Investigations reveal that Konga has also garnered a reputation as the biggest source of first-party products – a development made possible by its huge inventory-carrying capacity and a string of state-of-the-art regional warehouses it had invested in.
Unfazed by the seeming rush to go expanding across the continent, the management of Konga has not hidden its desire to first conquer Nigeria, Africa’s biggest market, a target that it has almost achieved.
Reports circulated in the media late last year says its flagship annual sales promotion, Konga Yakata, had generated huge revenues that had already outstripped the 2019 figure almost six times midway into the campaign, despite encumbrances wrought by the COVID-19 pandemic.

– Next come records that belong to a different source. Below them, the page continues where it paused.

(* Let $d>0$, let $J$ satisfy (J) and (J2), and let $f$ satisfy (f3); let $c_*>0$ be the minimal traveling wave speed described in the context. Fix $\sigma\in(0,1)$ and $c\in(0,c_* )$, and let $M$, $\tilde f$, $a$, $A$ and $\phi_*^\sigma$ be as in the context. Then the pointwise limit $\phi_\sigma(x):=\lim_{n\to\infty}A^n[\phi_*^\sigma](x)$ exists for every $x\in\mathbb{R}$, and $\phi=\phi_\sigma$ is a solution of $$d\int_{-\infty}^{+\infty}J(x-y)\phi(y)\,dy-d\phi(x)+c\phi'(x)+f(\phi(x))=0\ \ (-\infty<x<0),\qquad \phi(-\infty)=1,\quad \phi(x)=\sigma\ \ (0\le x<+\infty),$$ with $\phi_\sigma$ continuously differentiable on $(-\infty,0)$ and $0\le\phi_\sigma\le1$.
   Context: Condition (J): $J\in C(\mathbb{R})\cap L^\infty(\mathbb{R})$, $J\ge 0$, $J(0)>0$, $\int_{\mathbb{R}}J=1$, $J$ even. Condition (J2): there exists $\lambda>0$ with $\int_{\mathbb{R}}J(x)e^{\lambda x}dx<\infty$. Condition (f3): $f\in C^1([0,\infty))$, $f(0)=f(1)=0$, $f>0$ in $(0,1)$, $f'(0)>0>f'(1)$, $f(u)/u$ nonincreasing in $u>0$. Known fact (minimal speed): under (J), (J2), (f3) there is $c_*>0$ such that the problem $d\int_{\mathbb{R}}J(x-y)\phi(y)dy-d\phi(x)+c\phi'(x)+f(\phi(x))=0$ on $\mathbb{R}$, $\phi(-\infty)=1$, $\phi(+\infty)=0$, has a nonincreasing solution $\phi\in L^\infty(\mathbb{R})$ if and only if $c\ge c_*$; such solutions are $C^1$. Construction: choose $M>0$ such that $\tilde f(u):=(cM-d)u+f(u)$ is increasing on $[0,1]$; let $a(x)=\int_{-\infty}^xJ(y)dy$. On $\Omega=\{\phi\in C(\mathbb{R}):0\le\phi\le1\}$ define $A[\phi](x)=\sigma$ for $x\ge0$ and, for $x<0$, $$A[\phi](x)=e^{Mx}\sigma+\frac{e^{Mx}}{c}\int_x^0e^{-M\xi}\Big[d\int_{-\infty}^0J(\xi-y)\phi(y)dy+d\sigma a(\xi)+\tilde f(\phi(\xi))\Big]d\xi.$$ Let $\phi_*$ be a nonincreasing traveling wave solution with speed $c_*$ (as in the known fact), translated so that $\phi_*(0)=\sigma$, and set $\phi_*^\sigma(x)=\max\{\phi_*(x),\sigma\}$ (so $\phi_*^\sigma=\phi_*$ on $(-\infty,0)$ and $=\sigma$ on $[0,\infty)$). *)

theory Defs
  imports "HOL-Analysis.Analysis"
begin

definition cond_J :: "(real \<Rightarrow> real) \<Rightarrow> bool" where
  "cond_J J \<longleftrightarrow> continuous_on UNIV J \<and> bounded (range J) \<and> (\<forall>x. J x \<ge> 0) \<and> J 0 > 0
     \<and> (J has_integral 1) UNIV \<and> (\<forall>x. J (-x) = J x)"

definition cond_J2 :: "(real \<Rightarrow> real) \<Rightarrow> bool" where
  "cond_J2 J \<longleftrightarrow> (\<exists>l>0. (\<lambda>x. J x * exp (l * x)) integrable_on UNIV)"

definition cond_f3 :: "(real \<Rightarrow> real) \<Rightarrow> bool" where
  "cond_f3 f \<longleftrightarrow> (\<exists>f'. continuous_on {0..} f'
        \<and> (\<forall>u\<ge>0. (f has_real_derivative f' u) (at u within {0..}))
        \<and> f' 0 > 0 \<and> f' 1 < 0)
     \<and> f 0 = 0 \<and> f 1 = 0 \<and> (\<forall>u. 0 < u \<and> u < 1 \<longrightarrow> f u > 0)
     \<and> (\<forall>u v. 0 < u \<and> u \<le> v \<longrightarrow> f v / v \<le> f u / u)"

definition tw_solution ::
  "real \<Rightarrow> (real \<Rightarrow> real) \<Rightarrow> (real \<Rightarrow> real) \<Rightarrow> real \<Rightarrow> (real \<Rightarrow> real) \<Rightarrow> bool" where
  "tw_solution d J f c \<phi> \<longleftrightarrow> bounded (range \<phi>) \<and> antimono \<phi>
     \<and> (\<forall>x. \<phi> differentiable (at x)
          \<and> d * integral UNIV (\<lambda>y. J (x - y) * \<phi> y) - d * \<phi> x + c * deriv \<phi> x + f (\<phi> x) = 0)
     \<and> (\<phi> \<longlongrightarrow> 1) at_bot \<and> (\<phi> \<longlongrightarrow> 0) at_top"

definition ftilde :: "real \<Rightarrow> real \<Rightarrow> real \<Rightarrow> (real \<Rightarrow> real) \<Rightarrow> real \<Rightarrow> real" where
  "ftilde c M d f u = (c * M - d) * u + f u"

definition aJ :: "(real \<Rightarrow> real) \<Rightarrow> real \<Rightarrow> real" where
  "aJ J x = integral {..x} J"

definition opA ::
  "real \<Rightarrow> (real \<Rightarrow> real) \<Rightarrow> (real \<Rightarrow> real) \<Rightarrow> real \<Rightarrow> real \<Rightarrow> real
     \<Rightarrow> (real \<Rightarrow> real) \<Rightarrow> real \<Rightarrow> real" where
  "opA d J f c M \<sigma> \<phi> x =
     (if x \<ge> 0 then \<sigma>
      else exp (M * x) * \<sigma> + exp (M * x) / c *
        integral {x..0} (\<lambda>\<xi>. exp (- M * \<xi>) *
          (d * integral {..0} (\<lambda>y. J (\<xi> - y) * \<phi> y) + d * \<sigma> * aJ J \<xi>
           + ftilde c M d f (\<phi> \<xi>))))"

end

theory Submission
  imports Defs
begin

text \<open>
  On the profiles that are measurable, take values in [0,1] and equal \<sigma> on [0,\<infinity>), the
  operator A is order preserving (J \<ge> 0 and ftilde is increasing) and maps the class into
  itself. Because c < c_*, the truncated wave \<phi>_*^\<sigma> = max(\<phi>_*, \<sigma>) is a sub-solution,
  \<phi>_*^\<sigma> \<le> A[\<phi>_*^\<sigma>], so the iterates increase pointwise and converge to some
  \<phi>_\<sigma> \<ge> \<phi>_*^\<sigma>. Dominated convergence makes \<phi>_\<sigma> a fixed point of A; differentiating the
  variation-of-constants formula \<phi>_\<sigma> = A[\<phi>_\<sigma>] gives the equation on (-\<infinity>,0), and
  \<phi>_* \<le> \<phi>_\<sigma> \<le> 1 gives \<phi>_\<sigma>(-\<infinity>) = 1.
\<close>

lemma borel_measurable_lebesgue_on_if_borel:
  "(g :: real \<Rightarrow> real) \<in> borel_measurable borel \<Longrightarrow> g \<in> borel_measurable (lebesgue_on S)"
  by (metis sets_lborel measurable_completion measurable_restrict_space1 measurable_cong_sets)

lemma has_integral_exp_weighted_derivative:
  fixes g g' :: "real \<Rightarrow> real"
  assumes g: "\<And>t. (g has_real_derivative g' t) (at t)" and ab: "a \<le> b"
  shows "((\<lambda>t. exp (- M * t) * (M * g t - g' t)) has_integral
           exp (- M * a) * g a - exp (- M * b) * g b) {a..b}"
proof -
  have "((\<lambda>t. - (exp (- M * t) * g t)) has_real_derivative exp (- M * t) * (M * g t - g' t)) (at t)"
    for t
  proof -
    have "((\<lambda>t. exp (- M * t)) has_real_derivative - M * exp (- M * t)) (at t)"
      by (auto intro!: derivative_eq_intros)
    from DERIV_minus[OF DERIV_mult[OF this g]] show ?thesis
      by (simp add: algebra_simps)
  qed
  then have "((\<lambda>t. exp (- M * t) * (M * g t - g' t)) has_integral
           - (exp (- M * b) * g b) - - (exp (- M * a) * g a)) {a..b}"
    by (intro fundamental_theorem_of_calculus[OF ab])
       (simp add: has_real_derivative_iff_has_vector_derivative has_vector_derivative_at_within)
  then show ?thesis by simp
qed

lemma has_real_derivative_integral_lower_limit:
  fixes g :: "real \<Rightarrow> real"
  assumes g: "continuous_on {..<b} g" and int: "\<And>t. t < b \<Longrightarrow> g integrable_on {t..b}"
    and x: "x < b"
  shows "((\<lambda>t. integral {t..b} g) has_real_derivative - g x) (at x)"
proof -
  define m where "m = (x + b) / 2"
  have xm: "x - 1 < x" "x < m" "m < b" using x by (auto simp: m_def)
  have "((\<lambda>t. integral {t..m} g) has_real_derivative - g x) (at x within {x - 1..m})"
    by (rule integral_has_real_derivative') (use g xm in \<open>auto intro: continuous_on_subset\<close>)
  moreover have "at x within {x - 1..m} = at x"
    by (rule at_within_interior) (use xm in simp)
  ultimately have "((\<lambda>t. integral {t..m} g + integral {m..b} g) has_real_derivative - g x) (at x)"
    by (auto intro!: derivative_eq_intros)
  then show ?thesis
  proof (rule has_field_derivative_transform_within_open[where S="{..<m}"])
    show "integral {t..m} g + integral {m..b} g = integral {t..b} g" if "t \<in> {..<m}" for t
      by (rule Henstock_Kurzweil_Integration.integral_combine) (use that xm int[of t] in auto)
  qed (use xm in auto)
qed
text \<open>The maximum over a finite subcover of the functions from \<open>exact_at_below_plus\<close>.\<close>

theorem uniform_approximation: "\<exists>\<phi>\<in>F. \<forall>x\<in>X. \<bar>val \<phi> x - f x\<bar> < e"
proof (cases "X = {}")
  case True
  then show ?thesis using const_in[of 0] by auto
next
  case False
  have "\<forall>x\<in>X. \<exists>\<psi>. \<psi> \<in> F \<and> val \<psi> x = f x \<and> (\<forall>z\<in>X. val \<psi> z < f z + e)"
    using exact_at_below_plus by blast
  then obtain \<psi> where \<psi>: "\<forall>x\<in>X. \<psi> x \<in> F \<and> val (\<psi> x) x = f x \<and> (\<forall>z\<in>X. val (\<psi> x) z < f z + e)"
    by (rule bchoice[elim_format]) blast
  define H where "H x z = val (\<psi> x) z - f z + e" for x z
  have "H x x > 0 \<and> cc (H x)" if "x \<in> X" for x
    using \<psi> that e cc_val[of "\<psi> x"] cc_diff_add_const[OF _ cc_f, of "val (\<psi> x)" e]
    unfolding H_def by simp
  then have "\<exists>W. finite W \<and> W \<subseteq> X \<and> (\<forall>z\<in>X. \<exists>x\<in>W. H x z > 0)"
    by (intro finite_positive_cover ballI)
  then obtain W where W: "finite W" "W \<subseteq> X" "\<forall>z\<in>X. \<exists>x\<in>W. H x z > 0"
    by blast
  have Wne: "W \<noteq> {}" using W(3) False by auto
  obtain \<theta> where \<theta>: "\<theta> \<in> F" "\<forall>z\<in>X. val \<theta> z = Max ((\<lambda>x. val (\<psi> x) z) ` W)"
    using pointwise_Max_in[OF W(1) Wne, of \<psi>] \<psi> W(2) by auto
  have "\<bar>val \<theta> z - f z\<bar> < e" if z: "z \<in> X" for z
  proof -
    obtain x where x: "x \<in> W" "H x z > 0" using W(3) z by blast
    have "val (\<psi> x) z \<le> Max ((\<lambda>x. val (\<psi> x) z) ` W)"
      using W(1) x(1) by (intro Max_ge) auto
    then have lo: "val \<theta> z > f z - e" using \<theta>(2) z x(2) unfolding H_def by auto
    have "Max ((\<lambda>x. val (\<psi> x) z) ` W) \<in> (\<lambda>x. val (\<psi> x) z) ` W"
      using W(1) Wne by (intro Max_in) auto
    then obtain x' where "x' \<in> W" "val \<theta> z = val (\<psi> x') z" using \<theta>(2) z by auto
    then have "val \<theta> z < f z + e" using \<psi> W(2) z by auto
    with lo show ?thesis by auto
  qed
  then show ?thesis using \<theta>(1) by blast
qed

end

definition vec_family :: "('x \<Rightarrow> real^'d::finite) set" where
  "vec_family = {f. \<exists>\<phi> :: 'd \<Rightarrow> 'f. (\<forall>i. \<phi> i \<in> F) \<and> (\<forall>x\<in>X. f x = (\<chi> i. val (\<phi> i) x))}"
(* Let $\mathbb F\in\{\mathbb R,\mathbb C\}$ and let $\hat U,\tilde U:(0,1]\to GL_n(\mathbb F)$ be continuous, with every entry of $\hat U_\varepsilon$ and of $\tilde U_\varepsilon$ given, for $\varepsilon$ in some interval $(0,\delta)$, by a convergent Laurent series in $\varepsilon$ with finitely many negative powers. Suppose $\hat U$ contracts the Lie algebra $\mathfrak g$ to the algebra $\hat{\mathfrak g}$ and $\tilde U$ contracts $\hat{\mathfrak g}$ to the algebra $\tilde{\mathfrak g}$. Then there exists a positive integer $\nu$ such that $\check U_\varepsilon=\hat U_{\varepsilon^\nu}\tilde U_\varepsilon$ contracts $\mathfrak g$ to $\tilde{\mathfrak g}$.
   Context: All algebras are structures on the same $n$-dimensional space, given by structure constants in a fixed basis. A continuous $U:(0,1]\to GL_n(\mathbb F)$ contracts the algebra with structure constants $c^k_{ij}$ to the algebra with structure constants $c'^{k'}_{i'j'}$ if $\lim_{\varepsilon\to0^+}(U_\varepsilon)^i_{i'}(U_\varepsilon)^j_{j'}(U^{-1}_\varepsilon)^{k'}_kc^k_{ij}=c'^{k'}_{i'j'}$ for all indices (summation over repeated indices). *)

theory Defs
  imports "HOL-Analysis.Analysis"
begin

text \<open>Structure constants: c i j k stands for c^k_{ij}, i.e. [e_i, e_j] = sum_k c^k_{ij} e_k.
  Matrix entries: (U)^i_{i'} is U $ i $ i' (row i, column i').\<close>

definition is_lie_structure :: "('n::finite \<Rightarrow> 'n \<Rightarrow> 'n \<Rightarrow> 'a::field) \<Rightarrow> bool" where
  "is_lie_structure c \<longleftrightarrow>
     (\<forall>i j k. c i j k = - c j i k) \<and>
     (\<forall>i j k m. (\<Sum>l\<in>UNIV. c i j l * c l k m + c j k l * c l i m + c k i l * c l j m) = 0)"

definition GL_path :: "(real \<Rightarrow> 'a::real_normed_field ^'n::finite^'n) \<Rightarrow> bool" where
  "GL_path U \<longleftrightarrow> continuous_on {0<..1} U \<and> (\<forall>\<epsilon>\<in>{0<..1}. invertible (U \<epsilon>))"

definition laurent_entries :: "(real \<Rightarrow> 'a::real_normed_field ^'n::finite^'n) \<Rightarrow> bool" where
  "laurent_entries U \<longleftrightarrow>
     (\<exists>\<delta>>0. \<forall>i j. \<exists>(N::nat) (a::nat \<Rightarrow> 'a). \<forall>\<epsilon>\<in>{0<..<\<delta>}.
        summable (\<lambda>m. a m * of_real \<epsilon> ^ m) \<and>
        U \<epsilon> $ i $ j = (\<Sum>m. a m * of_real \<epsilon> ^ m) / of_real \<epsilon> ^ N)"

definition contracts ::
  "(real \<Rightarrow> 'a::real_normed_field ^'n::finite^'n) \<Rightarrow> ('n \<Rightarrow> 'n \<Rightarrow> 'n \<Rightarrow> 'a) \<Rightarrow> ('n \<Rightarrow> 'n \<Rightarrow> 'n \<Rightarrow> 'a) \<Rightarrow> bool" where
  "contracts U c c' \<longleftrightarrow>
     (\<forall>i' j' k'. ((\<lambda>\<epsilon>. \<Sum>i\<in>UNIV. \<Sum>j\<in>UNIV. \<Sum>k\<in>UNIV.
         U \<epsilon> $ i $ i' * U \<epsilon> $ j $ j' * matrix_inv (U \<epsilon>) $ k' $ k * c i j k)
       \<longlongrightarrow> c' i' j' k') (at_right 0))"

end

theory Submission
  imports Defs "HOL-Library.Landau_Symbols"
begin

text \<open>A quotient of two convergent Laurent series in \<open>\<epsilon>\<close> is either zero near \<open>0\<close> or
  asymptotic to \<open>c \<epsilon>\<^sup>k\<close> with \<open>c > 0\<close> and \<open>k\<close> an integer. By Cramer's rule the entries of \<open>Ut \<epsilon>\<close>
  and of its inverse are such quotients, hence \<open>O(\<epsilon>\<^sup>-\<^sup>S)\<close> for some \<open>S\<close>. The structure constants
  of \<open>g\<close> in the basis \<open>Uh \<epsilon>\<close> are such quotients as well and converge to those of \<open>gh\<close>; the
  error is again a quotient, and \<open>c \<epsilon>\<^sup>k \<rightarrow> 0\<close> forces \<open>k \<ge> 1\<close>, so the convergence has rate \<open>O(\<epsilon>)\<close>.
  Now the constants of \<open>g\<close> in the basis \<open>Uh (\<epsilon>\<^sup>\<nu>) Ut \<epsilon>\<close> are those of \<open>gh\<close> in the basis \<open>Ut \<epsilon>\<close>,
  which tend to \<open>gt\<close>, plus the basis change \<open>Ut \<epsilon>\<close> applied to an error \<open>O(\<epsilon>\<^sup>\<nu>)\<close>. That term is
  \<open>O(\<epsilon>\<^sup>-\<^sup>3\<^sup>S \<epsilon>\<^sup>\<nu>)\<close>, which tends to \<open>0\<close> for \<open>\<nu> = 3S + 1\<close>.\<close>

section \<open>Bounds as \<open>x \<rightarrow> 0\<^sup>+\<close>\<close>

lemma eventually_at_right_0_less: "0 < r \<Longrightarrow> \<forall>\<^sub>F x in at_right 0. 0 < x \<and> x < (r::real)"
  unfolding eventually_at_right_field by (intro exI[of _ r]) auto

lemma inverse_power_mono: "0 < x \<Longrightarrow> x \<le> 1 \<Longrightarrow> S \<le> T \<Longrightarrow> 1 / x ^ S \<le> 1 / (x::real) ^ T"
  by (intro divide_left_mono power_decreasing) auto

lemma eventually_inverse_power_bound_all:
  fixes f :: "'i::finite \<Rightarrow> 'j::finite \<Rightarrow> real \<Rightarrow> 'a::real_normed_vector"
  assumes "\<And>i j. \<exists>S::nat. \<forall>\<^sub>F x in at_right 0. norm (f i j x) \<le> 1 / x ^ S"
  obtains S :: nat where "\<forall>\<^sub>F x in at_right 0. \<forall>i j. norm (f i j x) \<le> 1 / x ^ S"
proof -
  obtain S where S: "\<And>i j. \<forall>\<^sub>F x in at_right 0. norm (f i j x) \<le> 1 / x ^ S i j"
    using assms by metis
  define T where "T = (\<Sum>p\<in>UNIV. case_prod S p)"
  have "S i j \<le> T" for i j
    using member_le_sum[of "(i, j)" UNIV "case_prod S"] unfolding T_def by simp
  have "\<forall>\<^sub>F x in at_right 0. norm (f i j x) \<le> 1 / x ^ T" for i j
    using S[of i j] eventually_at_right_0_less[OF zero_less_one]
  proof eventually_elim
    case (elim x)
    then show ?case
      using inverse_power_mono[of x "S i j" T] \<open>S i j \<le> T\<close> by simp
  qed
  then show ?thesis
    by (intro that eventually_all_finite)
qed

Furthermore, recent news reports have it that Konga is working with foreign partners from DFID to empower rural, smallholder farmers across Nigeria in a pilot project that has drawn so much commendation from near and far and which many have hailed as a potential source of food sufficiency. The brand also enjoys the confidence and trust of many more shoppers in Nigerians than any other e-Commerce brand in the country.
The answer is no, says e-Commerce researcher, Owusu, another member of the panel. Owusu holds that more Nigerians and indeed, Africans need to rally round Konga as a true representative of the positive strides of e-Commerce on the continent.
‘‘It is a case of charity beginning from home. It is surprising that this panel has devoted so much time, looking at Konga as a case study of the growth of e-Commerce in Africa, yet I doubt that the government of Nigeria hardly recognises this gem that it possesses.
The government and people of Nigeria need to wake up and support the Konga brand to enable it to realise its huge potential. Same goes for governments in other African countries, many of whom, from the submission of this panel, will welcome Konga with open arms.
‘‘If Konga succeeds, Africa can count on it as an ethical, trustworthy representative for the continent,’’ he concluded.